Okuduğum Ayette Yüce Rabbimiz bizlere şöyle
buyurmaktadır: “ Onlarla eşlerinizle iyi geçinin. Eğer
onlardan hoşlanmadıysanız olabilir ki siz bir şeyden
hoşlanmazsınız da Allah onda birçok hayır yaratmış
olur’’ 1
Okuduğum Hadis-i Şerif’te ise Resulullah (s.a.v)
buyurdular ki: “Kadınlara hayırhah olun, zira kadın bir
eğe kemiğinden yaratılmıştır. Eğe kemiğinin en eğri yeri
yukarı kısmıdır. Onu doğrultmaya kalkarsan kırarsın.
Kendi haline bırakırsan eğri halde kalır, öyleyse
kadınlara hayırhah olun.” 2
Yüce Rabbimiz (c.c) yaratılmışların en şereflisi
olan insanı, bir erkek ve bir dişiden yaratmış, her birini
de farklı özelliklerle donatmıştır. Yüce dinimiz İslam’da
kadın ve erkek kulluk bakımından farklı değildir.

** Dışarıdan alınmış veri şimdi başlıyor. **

lemma compact_lsup_finite:
  assumes F: "finite F" "\<forall>c\<in>F. compact_el L c"
  shows "compact_el L (lsup L F)"
  unfolding compact_el_def
proof (intro conjI allI impI)
  have Fc: "F \<subseteq> car L" using F compact_closed by blast
  then show "lsup L F \<in> car L" by (rule lsup_closed)
  fix B assume B: "B \<subseteq> car L" "leq L (lsup L F) (lsup L B)"
  have "\<exists>B'. B' \<subseteq> B \<and> finite B' \<and> leq L c (lsup L B')" if c: "c \<in> F" for c
  proof -
    have "leq L c (lsup L B)"
      using trans[OF lsup_upper[OF Fc c] B(2)] Fc c lsup_closed B by blast
    then show ?thesis using compact_le_finite_lsup F(2) c B(1) by blast
  qed
  then obtain g where g: "\<forall>c\<in>F. g c \<subseteq> B \<and> finite (g c) \<and> leq L c (lsup L (g c))"
    by metis
  have gB: "\<Union>(g ` F) \<subseteq> B" "finite (\<Union>(g ` F))" using g F by auto
  have "leq L (lsup L F) (lsup L (\<Union>(g ` F)))"
  proof (rule lsup_least[OF Fc])
    show "lsup L (\<Union>(g ` F)) \<in> car L" using gB B lsup_closed by blast
    fix c assume c: "c \<in> F"
    have "leq L (lsup L (g c)) (lsup L (\<Union>(g ` F)))"
      using lsup_mono[of "g c"] c gB B by blast
    moreover have "g c \<subseteq> car L" "\<Union>(g ` F) \<subseteq> car L" using c g gB B by auto
    ultimately show "leq L c (lsup L (\<Union>(g ` F)))"
      using trans[of c "lsup L (g c)"] g c Fc lsup_closed by blast
  qed
  then show "\<exists>B'\<subseteq>B. finite B' \<and> leq L (lsup L F) (lsup L B')" using gB by blast
qed

section \<open>Krull's lemma\<close>

lemma lpow_closed: "c \<in> car L \<Longrightarrow> lpow L c n \<in> car L"
  by (induction n) (simp_all add: top_closed mult_closed)

lemma lpow_add: "c \<in> car L \<Longrightarrow> mult L (lpow L c m) (lpow L c n) = lpow L c (m + n)"
  by (induction n) (simp_all add: mult_top lpow_closed mult_assoc[symmetric])

lemma lpow_one: "c \<in> car L \<Longrightarrow> lpow L c 1 = c"
  by (simp add: mult_top)

lemma compact_lpow: "compact_el L c \<Longrightarrow> compact_el L (lpow L c n)"
  by (induction n) (simp_all add: compact_top compact_mult)

lemma lpow_antimono:
  assumes "c \<in> car L" "m \<le> n"
  shows "leq L (lpow L c n) (lpow L c m)"
  using assms(2)
proof (induction n rule: dec_induct)
  case (step k)
  have "leq L (lpow L c (Suc k)) (lpow L c k)"
    using mult_le_left[OF lpow_closed[OF assms(1)] assms(1)] by simp
  then show ?case
    using trans step.IH lpow_closed assms(1) by blast
qed (simp add: refl lpow_closed assms(1))

lemma finite_chain_has_greatest:
  assumes "finite F" "F \<noteq> {}" "F \<subseteq> car L" "\<forall>a\<in>F. \<forall>b\<in>F. leq L a b \<or> leq L b a"
  shows "\<exists>m\<in>F. \<forall>f\<in>F. leq L f m"
  using assms
proof (induction F rule: finite_ne_induct)
  case (singleton x)
  then show ?case using refl by auto
next
  case (insert x F)
  then obtain m where m: "m \<in> F" "\<forall>f\<in>F. leq L f m" by auto
  show ?case
  proof (cases "leq L x m")
    case True
    then show ?thesis using m by auto
  next
    case False
    then have "leq L m x" using insert m by auto
    moreover have "m \<in> car L" "x \<in> car L" using insert m by auto
    ultimately have "\<forall>f\<in>F. leq L f x"
      using m(2) insert.prems(1) trans[of _ m x] by blast
    then have "\<forall>f\<in>insert x F. leq L f x"
      using refl \<open>x \<in> car L\<close> by blast
    then show ?thesis by auto
  qed
qed
lemma spec_norm_gradient_le:
  fixes V :: "nat \<Rightarrow> 'd::finite \<Rightarrow> real" and f :: "real ^ 'd \<Rightarrow> real"
  assumes L: "1 \<le> L" and pos: "0 < m L"
    and readout: "\<And>j. j < m L \<Longrightarrow> \<bar>W L 0 j\<bar> \<le> 1"
    and lip: "\<And>k a b. 1 \<le> k \<Longrightarrow> k \<le> L \<Longrightarrow> \<bar>\<sigma> k a - \<sigma> k b\<bar> \<le> K * \<bar>a - b\<bar>"
    and f_meas: "f \<in> borel_measurable borel" and f_sq: "integrable sphere_measure (\<lambda>x. (f x)\<^sup>2)"
    and grad: "is_gradient m \<sigma> W V L f \<theta> G"
    and features: "\<And>x. vnorm (m (L - 1)) (layer_input m \<sigma> W V (L - 1) x) \<le> A * norm x"
    and "0 \<le> A"
  shows "spec_norm (m L) (m (L - 1)) G \<le> K * A * L2norm (\<lambda>x. net_out m \<sigma> W V L \<theta> x - f x)"
proof (rule spec_norm_le)
  fix v assume v: "vnorm (m (L - 1)) v \<le> 1"
  define s where "s = vnorm (m L) (mat_vec (m (L - 1)) G v)"
  show "s \<le> K * A * L2norm (\<lambda>x. net_out m \<sigma> W V L \<theta> x - f x)"
  proof (cases "s = 0")
    case True
    have "0 \<le> K"
      using lip[OF L order_refl] by (rule lipschitz_constant_nonneg)
    with True show ?thesis
      using \<open>0 \<le> A\<close> by (simp add: L2norm_nonneg)
  next
    case False
    define u where "u = (\<lambda>i. mat_vec (m (L - 1)) G v i / s)"
    have "0 < s"
      using False unfolding s_def by (simp add: less_le)
    then have "vnorm (m L) u = 1"
      unfolding u_def vnorm_divide s_def[symmetric] by simp
    have "(\<Sum>i<m L. \<Sum>j<m (L - 1). G i j * (u i * v j)) = s"
      unfolding u_def s_def by (rule sum_mult_normalized_rank_one[OF False[unfolded s_def]])
    then have "((\<lambda>t. loss m \<sigma> W V L f (\<lambda>i j. \<theta> i j + t * (u i * v j))) has_real_derivative s) (at 0)"
      using is_gradientD[OF grad, of "\<lambda>i j. u i * v j"] by (simp only:)
    then have "\<bar>s\<bar> \<le> K * A * L2norm (\<lambda>x. net_out m \<sigma> W V L \<theta> x - f x)"
      using \<open>vnorm (m L) u = 1\<close>
      by (intro abs_deriv_loss_rank_one_le[OF L pos readout lip f_meas f_sq features \<open>0 \<le> A\<close> _ v])
        simp_all
    then show ?thesis
      by simp
  qed
qed
lemma nn_integral_finite_by_dyadic_shells:
  fixes f :: "'a::euclidean_space \<Rightarrow> real" and a :: "nat \<Rightarrow> real"
  assumes a_nonneg: "\<And>k. 0 \<le> a k" and a_summable: "summable a"
    and near_origin: "\<And>\<xi>. norm \<xi> < 1 \<Longrightarrow> f \<xi> \<le> 0"
    and on_shells: "\<And>k. AE \<xi> in lebesgue. 2 ^ k \<le> norm \<xi> \<and> norm \<xi> < 2 ^ Suc k \<longrightarrow>
                               f \<xi> \<le> a k / 2 ^ (k * DIM('a))"
  shows "(\<integral>\<^sup>+\<xi>. ennreal (f \<xi>) \<partial>lebesgue) < \<infinity>"
proof -
  define d where "d = DIM('a)"
  define S where "S k = ball (0::'a) (2 ^ Suc k) - ball 0 (2 ^ k)" for k
  define c where "c k = a k / 2 ^ (k * d)" for k
  define V where "V = unit_ball_vol (real d)"
  have S_sets [measurable]: "S k \<in> sets lebesgue" for k unfolding S_def by auto
  have "AE \<xi> in lebesgue. \<forall>k. 2 ^ k \<le> norm \<xi> \<and> norm \<xi> < 2 ^ Suc k \<longrightarrow> f \<xi> \<le> c k"
    using on_shells by (simp add: AE_all_countable c_def d_def)
  then have "AE \<xi> in lebesgue. ennreal (f \<xi>) \<le> (\<Sum>k. ennreal (c k) * indicator (S k) \<xi>)"
  proof (rule eventually_mono)
    fix \<xi> :: 'a
    assume shells: "\<forall>k. 2 ^ k \<le> norm \<xi> \<and> norm \<xi> < 2 ^ Suc k \<longrightarrow> f \<xi> \<le> c k"
    show "ennreal (f \<xi>) \<le> (\<Sum>k. ennreal (c k) * indicator (S k) \<xi>)"
    proof (cases "norm \<xi> < 1")
      case True
      then show ?thesis using near_origin by (simp add: ennreal_neg)
    next
      case False
      define k where "k = nat \<lfloor>log 2 (norm \<xi>)\<rfloor>"
      have k: "2 ^ k \<le> norm \<xi> \<and> norm \<xi> < 2 ^ Suc k"
        using dyadic_index[of "norm \<xi>"] False by (simp add: k_def)
      then have "ennreal (f \<xi>) \<le> ennreal (c k) * indicator (S k) \<xi>"
        using shells by (auto simp: S_def intro!: ennreal_leI)
      also have "\<dots> \<le> (\<Sum>k. ennreal (c k) * indicator (S k) \<xi>)"
        using ennreal_suminf_lessD leI by blast
      finally show ?thesis .
    qed
  qed
  then have "(\<integral>\<^sup>+\<xi>. ennreal (f \<xi>) \<partial>lebesgue)
      \<le> (\<integral>\<^sup>+\<xi>. (\<Sum>k. ennreal (c k) * indicator (S k) \<xi>) \<partial>lebesgue)"
    by (rule nn_integral_mono_AE)
  also have "\<dots> = (\<Sum>k. ennreal (c k) * emeasure lebesgue (S k))"
    by (subst nn_integral_suminf) (auto simp: nn_integral_cmult_indicator)
  also have "\<dots> \<le> (\<Sum>k. ennreal (a k * V * 2 ^ d))"
  proof (rule suminf_le)
    fix k
    have "emeasure lebesgue (S k) \<le> emeasure lebesgue (ball (0::'a) (2 ^ Suc k))"
      by (rule emeasure_mono) (auto simp: S_def)
    also have "\<dots> = ennreal (V * (2 ^ Suc k) ^ d)"
      by (simp add: emeasure_ball V_def d_def)
    finally have "ennreal (c k) * emeasure lebesgue (S k) \<le> ennreal (c k) * ennreal (V * (2 ^ Suc k) ^ d)"
      by (rule mult_left_mono) simp
    also have "\<dots> = ennreal (c k * (V * (2 ^ Suc k) ^ d))"
      using a_nonneg[of k] by (intro ennreal_mult[symmetric]) (auto simp: c_def V_def)
    also have "c k * (V * (2 ^ Suc k) ^ d) = a k * V * 2 ^ d"
      by (simp add: c_def power_mult_distrib mult.commute power_add flip: power_mult)
    finally show "ennreal (c k) * emeasure lebesgue (S k) \<le> ennreal (a k * V * 2 ^ d)" .
  qed auto
  also have "\<dots> < \<infinity>"
    using a_nonneg a_summable
    by (simp add: ennreal_suminf_neq_top summable_mult2 V_def less_top)
  finally show ?thesis .
qed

Nitekim her ibadet açısından kadın da erkek de
sorumludur. İlim öğrenmek kadına da erkeğe de farz
kılınmıştır. İbadetlerin uygulanmasında haramlardan
kaçınmakta, takva hususunda, ahlaki yaşamda kadın ve
erkek arasında hiçbir ayrım bulunmamaktadır. Tarihin
eski dönemlerinde birçok zorluk ve sıkıntı yaşayan
kadınlar İslam’ın gelmesiyle gerçek değerine
kavuşmuştur. İslami açıdan bakıldığında kadın ilk olarak
annedir. Bir anne toplumun meşalesidir. Çocuğunu
yetiştirip terbiye eder. Topluma kazandırır. Nitekim
Peygamberimiz (sav) kız çocuklarının yetiştirilmesi
hususunda iki parmağını yan yana getirerek şöyle
buyurmuştur: “Her kim iki kız çocuğunu yetişkinlik
çağına gelinceye kadar büyütüp terbiye ederse kıyamet
günü benimle şöyle yan yana bulunacağız” 3 Kız çocuğu
ile erkek çocuğu arasında hiçbir fark yoktur.
Değerli Kardeşlerim!
Birçok konuda bozulmanın yaşandığı cahiliye
toplumunda kadın hakları açısından da bozulma
meydana gelmiş, kadınların haklarından bahsetmek
şöyle dursun insanlar kız çocuklarının dünyaya gelmesi
nedeniyle utanç duyar hale gelmişlerdi. İslam’dan
önceki Araplar’ da bazı soylu aile kızları bir takım
imtiyazlara sahip olsalar da genelde kadının durumu çok
kötüydü. Her şeyden önce dinmek bilmeyen kabile
savaşları kadınlar için büyük bir tehlike oluşturuyordu.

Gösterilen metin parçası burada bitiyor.